子衿話音未落,徐詹就已經撲上去,兩隻手直接按在了她的肩上,那肥胖的身體也隨之擠上去,子衿只覺得鼻端一股濃烈卻又讓她噁心反胃的陌生男性氣息,還有那種常年因爲抽菸喝酒而沉澱下來的味道,格外的燻人。
——這種味道,和顧彥深身上那種只會給她安全感的味道,根本就是截然不同的。
子衿承受不住,整個人激烈地反抗起來,她感覺自己都已經顧不上別的了,心裡頭只有一個念頭,就是不行,不能讓自己這樣毀了,她要反抗,她要逃出去,她不能讓這個噁心的男人碰了自己,一定不行……
“……李睦華?你是說你婆婆嗎?”
徐詹再不濟,那力氣也是比子衿大上很多,他雙手雙腳並用,直接就將子衿推在了門板上,重重一甩,按着她的手腕,將她的雙手舉高過頭頂,雙.腿也擠壓過去,不讓子衿有絲毫的動彈機會,他自以爲很有魅力的貼着子衿的臉頰,那股噁心的氣息越發濃烈,“不是說了嗎?她現在睡得和死豬一樣了,絕對醒不過來的,我得先把你給辦了,不過你這麼惦記着你婆婆,是不是因爲我已經玩過她了,現在再來玩你,心裡不舒服啊?”
“…………”
這個男人,做的事情讓人噁心,說的話,更是讓人難以承受。
子衿的心尖上涌上來的那種反胃的感覺,讓她的臉色更是慘白如紙,脣瓣緊緊地抿着,連呼吸都下意識地停止了,她真怕自己一張嘴,就會吐出來。
她不說話,徐詹還以爲她是真的怕了自己,這會兒更是洋洋得意起來,“……嘿嘿,小美人兒,其實你不用不舒服,我最喜歡的肯定是你這樣的,你都不知道,我想了你多久,你說抱着那種年紀大的,哪裡有抱着你這麼嫩的好啊?”
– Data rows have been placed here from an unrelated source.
lemma prob_median_rank_below_quarter:
  fixes c :: "nat \<Rightarrow> real"
  assumes fin: "finite T" and ne: "T \<noteq> {}" and l: "1 \<le> l"
  shows "measure_pmf.prob (sample_list l T)
           {js. 4 * card {j \<in> T. c j \<le> median (map c js)} < card T} \<le> (7/8) ^ l"
proof -
  let ?count = "\<lambda>js. length (filter (\<lambda>j. j \<in> low_rank c T) js)"
  have "measure_pmf.prob (sample_list l T) {js. 4 * card {j \<in> T. c j \<le> median (map c js)} < card T}
      \<le> measure_pmf.expectation (sample_list l T) (\<lambda>js. (4::real) ^ ?count js) / 4 ^ Suc (l div 2)"
    using count_low_rank_if_median_low[OF fin ne l]
    by (intro finite_pmf_Markov_inequality finite_set_pmf_sample_list fin ne power_increasing) auto
  also have "measure_pmf.expectation (sample_list l T) (\<lambda>js. (4::real) ^ ?count js)
      = (1 + 3 * real (card (low_rank c T)) / real (card T)) ^ l"
    using expectation_power_count_sample_list[OF fin ne, where L = "low_rank c T" and b = 4 and l = l]
    by (simp add: low_rank_def)
  also have "\<dots> \<le> (7/4) ^ l"
  proof (rule power_mono)
    have "real (card (low_rank c T)) / real (card T) \<le> 1/4"
      using card_low_rank[OF fin, of c] fin ne by (simp add: field_simps card_gt_0_iff)
    then show "1 + 3 * real (card (low_rank c T)) / real (card T) \<le> 7/4" by simp
  qed simp
  also have "(7/4) ^ l / 4 ^ Suc (l div 2) \<le> ((7/4::real) ^ l) / 2 ^ l"
  proof (intro divide_left_mono)
    have "(2::real) ^ l \<le> 2 ^ (2 * Suc (l div 2))" by (intro power_increasing) auto
    then show "(2::real) ^ l \<le> 4 ^ Suc (l div 2)" by (simp add: power_mult)
  qed auto
  also have "\<dots> = (7/8) ^ l" by (simp flip: power_divide)
  finally show ?thesis by (simp add: divide_right_mono)
qed

subsection \<open>One update\<close>

lemma update_full:
  assumes "i \<notin> T" "\<not> card T < k"
  shows "update k l (i, \<Delta>) (T, c) =
    map_pmf (\<lambda>js. let cs = median (map c js); T' = {j \<in> T. cs < c j}
      in (if cs \<le> \<Delta> then (insert i T', (\<lambda>j. c j - cs)(i := \<Delta> - cs)) else (T', (\<lambda>j. c j - cs)),
          1 + card T + l))
      (sample_list l T)"
  using assms unfolding update_def decrement_def by (simp add: map_pmf_comp Let_def)

lemma finite_set_pmf_update:
  assumes fin: "finite T" and card: "card T \<le> k" and k: "1 \<le> k"
  shows "finite (set_pmf (update k l (i, \<Delta>) (T, c)))"
proof (cases "i \<in> T \<or> card T < k")
  case True
  then show ?thesis unfolding update_def by auto
next
  case False
  then have "T \<noteq> {}" using card k by auto
  then show ?thesis
    using False fin by (simp add: update_full finite_set_pmf_sample_list)
qed

lemma card_update_le:
  assumes fin: "finite T" and card: "card T \<le> k" and k: "1 \<le> k" and l: "1 \<le> l"
    and mem: "((T1, c1), t) \<in> set_pmf (update k l (i, \<Delta>) (T, c))"
  shows "finite T1 \<and> card T1 \<le> k \<and> card T1 \<le> card T + 1"
proof (cases "i \<in> T \<or> card T < k")
  case True
  then show ?thesis
    using fin card mem by (auto simp: update_def card_insert_if split: if_splits)
next
  case False
  then have full: "i \<notin> T" "card T = k" using card by auto
  then have ne: "T \<noteq> {}" using k by auto
  obtain js where js: "js \<in> set_pmf (sample_list l T)"
    and T1: "T1 = insert i {j \<in> T. median (map c js) < c j} \<or> T1 = {j \<in> T. median (map c js) < c j}"
    using mem full by (auto simp: update_full Let_def split: if_splits)
  let ?S = "{j \<in> T. median (map c js) < c j}"
  have "length js = l" "set js \<subseteq> T"
    using set_pmf_sample_list_subset[OF fin ne] js by auto
  moreover have "median (map c js) \<in> set (map c js)"
    using l \<open>length js = l\<close> by (intro median_in_set) auto
  ultimately obtain j0 where "j0 \<in> T" "c j0 = median (map c js)" by auto
  then have "?S \<subseteq> T - {j0}" by auto
  then have "card ?S \<le> k - 1"
    using fin full \<open>j0 \<in> T\<close> by (metis card_Diff_singleton card_mono finite_Diff)
  moreover have "card T1 \<le> card ?S + 1"
    using T1 fin by (auto simp: card_insert_if)
  ultimately show ?thesis using k full fin T1 by auto
qed

text \<open>A median of rank at least \<open>k/4\<close> frees enough counters to pay for the \<open>k + l \<le> 2 k\<close>
  steps of the decrement.\<close>

lemma potential_after_decrement:
  fixes c :: "nat \<Rightarrow> real" and cs \<Delta> :: real
  assumes fin: "finite T" and full: "card T = k" and lk: "l \<le> k"
  shows "real (1 + card T + l)
           + 8 * real (card (if cs \<le> \<Delta> then insert i {j \<in> T. cs < c j} else {j \<in> T. cs < c j}))
         \<le> 9 + 8 * real k + (if 4 * card {j \<in> T. c j \<le> cs} < k then real k + real l else 0)"
proof -
  let ?S = "{j \<in> T. cs < c j}" and ?R = "{j \<in> T. c j \<le> cs}"
  have "?S \<union> ?R = T" "?S \<inter> ?R = {}" by auto
  then have "card ?S + card ?R = k"
    using fin full by (metis card_Un_disjoint finite_Un)
  moreover have "card (if cs \<le> \<Delta> then insert i ?S else ?S) \<le> card ?S + 1"
    using fin by (auto simp: card_insert_if)
  ultimately show ?thesis using full lk by auto
qed

lemma expectation_exp_potential_decrement:
  fixes c :: "nat \<Rightarrow> real" and lam \<Delta> :: real
  assumes fin: "finite T" and full: "card T = k" and l: "1 \<le> l" and lk: "l \<le> k"
    and lam: "0 \<le> lam"
  shows "measure_pmf.expectation (sample_list l T) (\<lambda>js. exp (lam * (real (1 + card T + l)
            + 8 * real (card (if median (map c js) \<le> \<Delta>
                              then insert i {j \<in> T. median (map c js) < c j}
                              else {j \<in> T. median (map c js) < c j})))))
         \<le> exp (lam * 8 * real k) * (exp (lam * 9) + (7/8) ^ l * exp (lam * (9 + real k + real l)))"
    (is "measure_pmf.expectation _ (\<lambda>js. exp (lam * ?P js)) \<le> _")
proof -
  have ne: "T \<noteq> {}" using full l lk by auto
  define low where "low = {js. 4 * card {j \<in> T. c j \<le> median (map c js)} < card T}"
  define B where "B = (\<lambda>js. exp (lam * 8 * real k) *
    (exp (lam * 9) + indicator low js * exp (lam * (9 + real k + real l))))"
  have "measure_pmf.expectation (sample_list l T) (\<lambda>js. exp (lam * ?P js))
      \<le> measure_pmf.expectation (sample_list l T) B"
  proof (intro expectation_mono_finite_pmf finite_set_pmf_sample_list fin ne)
    fix js
    have "?P js \<le> 9 + 8 * real k + (if js \<in> low then real k + real l else 0)"
      using potential_after_decrement[OF fin full lk] full unfolding low_def by simp
    then have "exp (lam * ?P js)
        \<le> exp (lam * (9 + 8 * real k + (if js \<in> low then real k + real l else 0)))"
      using lam by (simp add: mult_left_mono)
    also have "\<dots> \<le> B js"
      unfolding B_def by (cases "js \<in> low") (simp_all add: algebra_simps flip: exp_add)
    finally show "exp (lam * ?P js) \<le> B js" .
  qed
  also have "\<dots> = exp (lam * 8 * real k) * (exp (lam * 9)
      + measure_pmf.prob (sample_list l T) low * exp (lam * (9 + real k + real l)))"
    unfolding B_def using finite_set_pmf_sample_list[OF fin ne]
    by (simp add: integrable_measure_pmf_finite)
  also have "\<dots> \<le> exp (lam * 8 * real k)
      * (exp (lam * 9) + (7/8) ^ l * exp (lam * (9 + real k + real l)))"
    using prob_median_rank_below_quarter[OF fin ne l, of c] unfolding low_def
    by (auto intro!: mult_left_mono mult_right_mono)
  finally show ?thesis .
qed

text \<open>In a decrement, \<open>exp (\<lambda> (cost + 8 |T|))\<close> grows by the factor \<open>exp (9 \<lambda>)\<close> when the
  median has rank at least \<open>k/4\<close>, and by \<open>exp (\<lambda> (9 + k + l))\<close> on an event of probability at
  most \<open>(7/8)^l\<close>; an admissible rate bounds this expected growth by \<open>exp (\<lambda> a)\<close>.\<close>

definition admissible_rate :: "real \<Rightarrow> nat \<Rightarrow> nat \<Rightarrow> real \<Rightarrow> bool" where
  "admissible_rate lam k l a \<longleftrightarrow>
     exp (lam * 9) + (7/8) ^ l * exp (lam * (9 + real k + real l)) \<le> exp (lam * a)"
“……走開,你走開……你敢碰我,你敢碰我一下……你一定會後悔的!你走開——”
“後悔?嘿嘿,這個時候我不碰你,我纔會遺憾終生!”
“…………”
季揚一進酒店,手機上的屏幕忽然一閃,那個紅色的點點就停頓在了某一個地方,不過5秒的時間,紅點就徹底不動了。
季揚心頭一緊,暗叫不妙,果然還是出事了,這個時候他不禁後悔自己,剛剛真不應該磨磨唧唧的,等那麼久,浪費時間,現在信號沒有了,這偌大的酒店,他要一個房間一個房間去找的話,更是不可能。
正好酒店的經理從電梯口出來,季揚也不知道他是誰,就看着他穿着工作服,正在交代工作人員什麼話,他大步上前,伸手就一把拽住了那個經理摸樣的男人,力道之大,讓對方嚇得臉色一白,季揚推着那人直接就進了電梯。
“……你、先生,你幹什麼?放開我,先生,你……”
“lrc酒店,如果我沒有記錯的話,也是喬氏的合作伙伴之一。”季揚陡然伸手,一把抓住了那男人胸前的工作牌,皺眉一看,聲音冷峻,“楊經理是麼?我是喬氏總裁,顧彥深的助手,我叫季揚,這是我的名片。”
他又從自己的西裝口袋裡,摸出名片,也不給那經理看,就塞進了他的襯衣口袋,“你這個位置的人,不可能不認識喬氏董事長的夫人,李睦華女士,你現在和我說顧夫人,她今天在你們lrc酒店,住在幾層,幾號房?”
“…………”
季揚不動聲色的說出一大堆的話,這個經理已經完全懵了,不過他還是聽清楚他說的幾個關鍵詞——喬氏,顧彥深,他是顧彥深的首席助手,還有顧夫人,那就是李睦華。
他怎麼可能不知道李睦華住在哪個房間?他們lrc酒店,的確是有和喬氏合作的,顧彥深新上任之後,項目也依舊是在運作之中,所以酒店的老總之前還和顧彥深碰過面,喬氏財大氣粗,在c的影響力很大,在b市,自然也是不容小覷。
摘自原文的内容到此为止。